To such foreshadowing of Eurabia, the pope just shrugs. He is determined to view Islam in the rosiest manner possible. One would never know from his musings that Islam is a historic adversary of the Church. Though quick to call for reforms of his own religion, he refuses to hear any criticism of Islam. It is a “religion of peace,” he insists. He claims that the Koran is “opposed to every form of violence.” He seconds all the excuses European liberals make for Islam. Its problem with jihadists, he says, is no different than his problem with “fundamentalists”: “We have our share of them. All religions have these little groups.”

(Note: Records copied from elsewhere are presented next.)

(* Let $X$ be a metric space. Then no asymptotic cone of $X$ contains an isometric copy of the Riemannian circle of unit length if and only if $X$ does not approximate $n$-gons.
   Context: $S_n^0$ is the vertex set of the cycle graph $S_n$ of length $n$ (a Riemannian circle of length $n$ with $n$ equally spaced vertices) with the induced metric, and $\lambda S_n^0$ is it with the metric scaled by $\lambda>0$. $X$ approximates $n$-gons if for every $K>1$ and every $n\in\mathbb N$ there exist $K$-bilipschitz embeddings $\lambda S_n^0\to X$ for arbitrarily large $\lambda>0$. Asymptotic cone: for a nonprincipal ultrafilter $\mathscr U$ on $\mathbb N$, basepoints $b^{(m)}\in X$ and scalars $s^{(m)}>0$ with $s^{(m)}\to\infty$, take sequences $(x_m)$ with $d(x_m,b^{(m)})/s^{(m)}$ bounded, pseudometric $\lim_{\mathscr U}d(x_m,x'_m)/s^{(m)}$, and pass to the metric quotient. *)

theory Defs
  imports "HOL-Analysis.Analysis"
begin

text \<open>Riemannian circle of length L, points parametrised by [0,L), intrinsic distance.\<close>
definition circle_dist :: "real \<Rightarrow> real \<Rightarrow> real \<Rightarrow> real" where
  "circle_dist L t t' = min \<bar>t - t'\<bar> (L - \<bar>t - t'\<bar>)"

text \<open>Vertex set S_n^0 = {0,...,n-1} of the cycle of length n (induced metric), scaled by lam.\<close>
definition ngon_dist :: "real \<Rightarrow> nat \<Rightarrow> nat \<Rightarrow> nat \<Rightarrow> real" where
  "ngon_dist lam n i j = lam * circle_dist (real n) (real i) (real j)"

definition bilip_ngon :: "'a::metric_space set \<Rightarrow> real \<Rightarrow> real \<Rightarrow> nat \<Rightarrow> (nat \<Rightarrow> 'a) \<Rightarrow> bool" where
  "bilip_ngon X K lam n f \<longleftrightarrow> (\<forall>i<n. f i \<in> X) \<and>
     (\<forall>i<n. \<forall>j<n. ngon_dist lam n i j / K \<le> dist (f i) (f j)
                 \<and> dist (f i) (f j) \<le> K * ngon_dist lam n i j)"

definition approximates_ngons :: "'a::metric_space set \<Rightarrow> bool" where
  "approximates_ngons X \<longleftrightarrow> (\<forall>K>1. \<forall>n::nat. \<forall>M::real. \<exists>lam>M.
      \<exists>f. bilip_ngon X K lam n f)"

definition nonprincipal_ultrafilter :: "nat filter \<Rightarrow> bool" where
  "nonprincipal_ultrafilter U \<longleftrightarrow> U \<noteq> bot
     \<and> (\<forall>P. eventually P U \<or> eventually (\<lambda>m. \<not> P m) U)
     \<and> (\<forall>n. eventually (\<lambda>m. m \<noteq> n) U)"

definition ulim :: "nat filter \<Rightarrow> (nat \<Rightarrow> real) \<Rightarrow> real" where
  "ulim U f = (THE L. (f \<longlongrightarrow> L) U)"

definition cone_seqs :: "'a::metric_space set \<Rightarrow> (nat \<Rightarrow> 'a) \<Rightarrow> (nat \<Rightarrow> real) \<Rightarrow> (nat \<Rightarrow> 'a) set" where
  "cone_seqs X b s = {x. (\<forall>m. x m \<in> X) \<and> (\<exists>C. \<forall>m. dist (x m) (b m) / s m \<le> C)}"

definition cone_pdist :: "nat filter \<Rightarrow> (nat \<Rightarrow> real) \<Rightarrow> (nat \<Rightarrow> 'a::metric_space) \<Rightarrow> (nat \<Rightarrow> 'a) \<Rightarrow> real" where
  "cone_pdist U s x y = ulim U (\<lambda>m. dist (x m) (y m) / s m)"

definition cone_points :: "'a::metric_space set \<Rightarrow> nat filter \<Rightarrow> (nat \<Rightarrow> 'a) \<Rightarrow> (nat \<Rightarrow> real) \<Rightarrow> (nat \<Rightarrow> 'a) set set" where
  "cone_points X U b s = cone_seqs X b s //
     {(x, y). x \<in> cone_seqs X b s \<and> y \<in> cone_seqs X b s \<and> cone_pdist U s x y = 0}"

definition cone_dist :: "nat filter \<Rightarrow> (nat \<Rightarrow> real) \<Rightarrow> (nat \<Rightarrow> 'a::metric_space) set \<Rightarrow> (nat \<Rightarrow> 'a) set \<Rightarrow> real" where
  "cone_dist U s P Q = cone_pdist U s (SOME x. x \<in> P) (SOME y. y \<in> Q)"

definition cone_has_unit_circle :: "'a::metric_space set \<Rightarrow> nat filter \<Rightarrow> (nat \<Rightarrow> 'a) \<Rightarrow> (nat \<Rightarrow> real) \<Rightarrow> bool" where
  "cone_has_unit_circle X U b s \<longleftrightarrow> (\<exists>f. (\<forall>t\<in>{0..<1}. f t \<in> cone_points X U b s) \<and>
      (\<forall>t\<in>{0..<1}. \<forall>t'\<in>{0..<1}. cone_dist U s (f t) (f t') = circle_dist 1 t t'))"

end

theory Submission
  imports Defs
begin

text \<open>
  If an asymptotic cone contains a unit circle, choose representative sequences of the
  points \<open>i/n\<close> of the circle. Their rescaled distances converge along the ultrafilter to the
  circle distances, which are positive for \<open>i \<noteq> j\<close>; so at a single index \<open>m\<close> where the
  scale \<open>s m\<close> is large they form a \<open>K\<close>-bilipschitz copy of \<open>(s m / n) S\<^sub>n\<^sup>0\<close>.
  Conversely, take \<open>K\<^sub>m\<close>-bilipschitz copies of the \<open>(m + 1)\<close>-gon scaled by \<open>\<lambda>\<^sub>m > m + 1\<close>,
  with \<open>K\<^sub>m \<rightarrow> 1\<close>, rescale by \<open>s\<^sub>m = \<lambda>\<^sub>m (m + 1)\<close> and send \<open>t \<in> [0,1)\<close> to the sequence of
  images of the vertices \<open>\<lfloor>t (m + 1)\<rfloor>\<close>. The rescaled distances converge to the circle
  distance already along the cofinite filter, hence along every nonprincipal ultrafilter.
\<close>

section \<open>Nonprincipal ultrafilters and ultralimits\<close>

lemma ultrafilter_le_exists:
  fixes F :: "'a filter"
  assumes "F \<noteq> bot"
  obtains G where "G \<le> F" "G \<noteq> bot" "\<And>P. eventually P G \<or> eventually (\<lambda>x. \<not> P x) G"
proof -
  let ?A = "{G. G \<noteq> bot \<and> G \<le> F}"
  let ?finer = "\<lambda>G H :: 'a filter. H \<le> G"
  have "\<exists>M\<in>?A. \<forall>G\<in>?A. ?finer M G \<longrightarrow> G = M"
  proof (rule predicate_Zorn)
    show "partial_order_on ?A (relation_of ?finer ?A)"
      by (auto simp: partial_order_on_def preorder_on_def relation_of_def refl_on_def trans_def
          antisym_def)
    fix C assume C: "C \<in> Chains (relation_of ?finer ?A)"
    then have C_sub: "C \<subseteq> ?A"
      and C_total: "\<And>G H. G \<in> C \<Longrightarrow> H \<in> C \<Longrightarrow> G \<le> H \<or> H \<le> G"
      by (auto simp: Chains_def relation_of_def)
    show "\<exists>U\<in>?A. \<forall>G\<in>C. ?finer G U"
    proof (cases "C = {}")
      case True
      then show ?thesis using assms by auto
    next
      case False
      have directed: "\<exists>K\<in>C. K \<le> inf G H" if "G \<in> C" "H \<in> C" for G H
        using C_total[OF that] that by (metis inf.absorb1 inf.absorb2 order_refl)
      have "Inf C \<noteq> bot"
      proof
        assume "Inf C = bot"
        then have "\<exists>G\<in>C. eventually (\<lambda>_. False) G"
          using eventually_Inf_base[OF False directed, of "\<lambda>_. False"] by simp
        then show False using C_sub by (auto simp: trivial_limit_def)
      qed
      moreover have "Inf C \<le> F" using False C_sub by (auto intro: Inf_lower2)
      ultimately show ?thesis by (auto intro: Inf_lower)
    qed
  qed
  then obtain M where M: "M \<noteq> bot" "M \<le> F" and max: "\<And>G. G \<noteq> bot \<Longrightarrow> G \<le> M \<Longrightarrow> G = M"
    by (metis (mono_tags, lifting) mem_Collect_eq order_trans)
  have "eventually P M \<or> eventually (\<lambda>x. \<not> P x) M" for P
  proof (rule disjCI)
    assume "\<not> eventually (\<lambda>x. \<not> P x) M"
    then have "inf M (principal {x. P x}) \<noteq> bot"
      by (simp add: trivial_limit_def eventually_inf_principal)
    then have "inf M (principal {x. P x}) = M" by (rule max) simp
    moreover have "eventually P (inf M (principal {x. P x}))"
      by (simp add: eventually_inf_principal)
    ultimately show "eventually P M" by simp
  qed
  with M that show thesis by blast
qed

The late Italian writer Oriana Fallaci expressed astonishment that European liberals fail to see the illiberal character of Islam and could so blithely assume its compatibility with European culture. The pope falls into that group, seeing Islam as neither a threat to Christian Europe nor secular Europe. Even after Islamic terrorists mowed down 10 journalists at the satirical newspaper Charlie Hebdo in 2015, he couldn’t be roused to defend Western values. “You cannot provoke. You cannot insult the faith of others. You cannot make fun of the faith of others,” he said.
He speaks of Orbán and other “populists” as a menace to liberal European values but exempts Islam from that criticism. He is given to the most remarkable rationalizations for it. “I don’t like to talk about Islamic violence, because every day, when I read the newspaper, I see violence,” he said after a French priest was beheaded by jihadists in 2016. The “first terrorism,” he said, is the greed “at the center of the global economy.”
“Europe is the faith and the faith is Europe,” said the English writer Hilaire Belloc. This pope’s dissent from that tradition will form one of the more bizarre legacies of his pontificate. It is as if the Vatican has become a branch office of CAIR. The papacy has gone from defending Christian Europe from Muslims to handing it to them.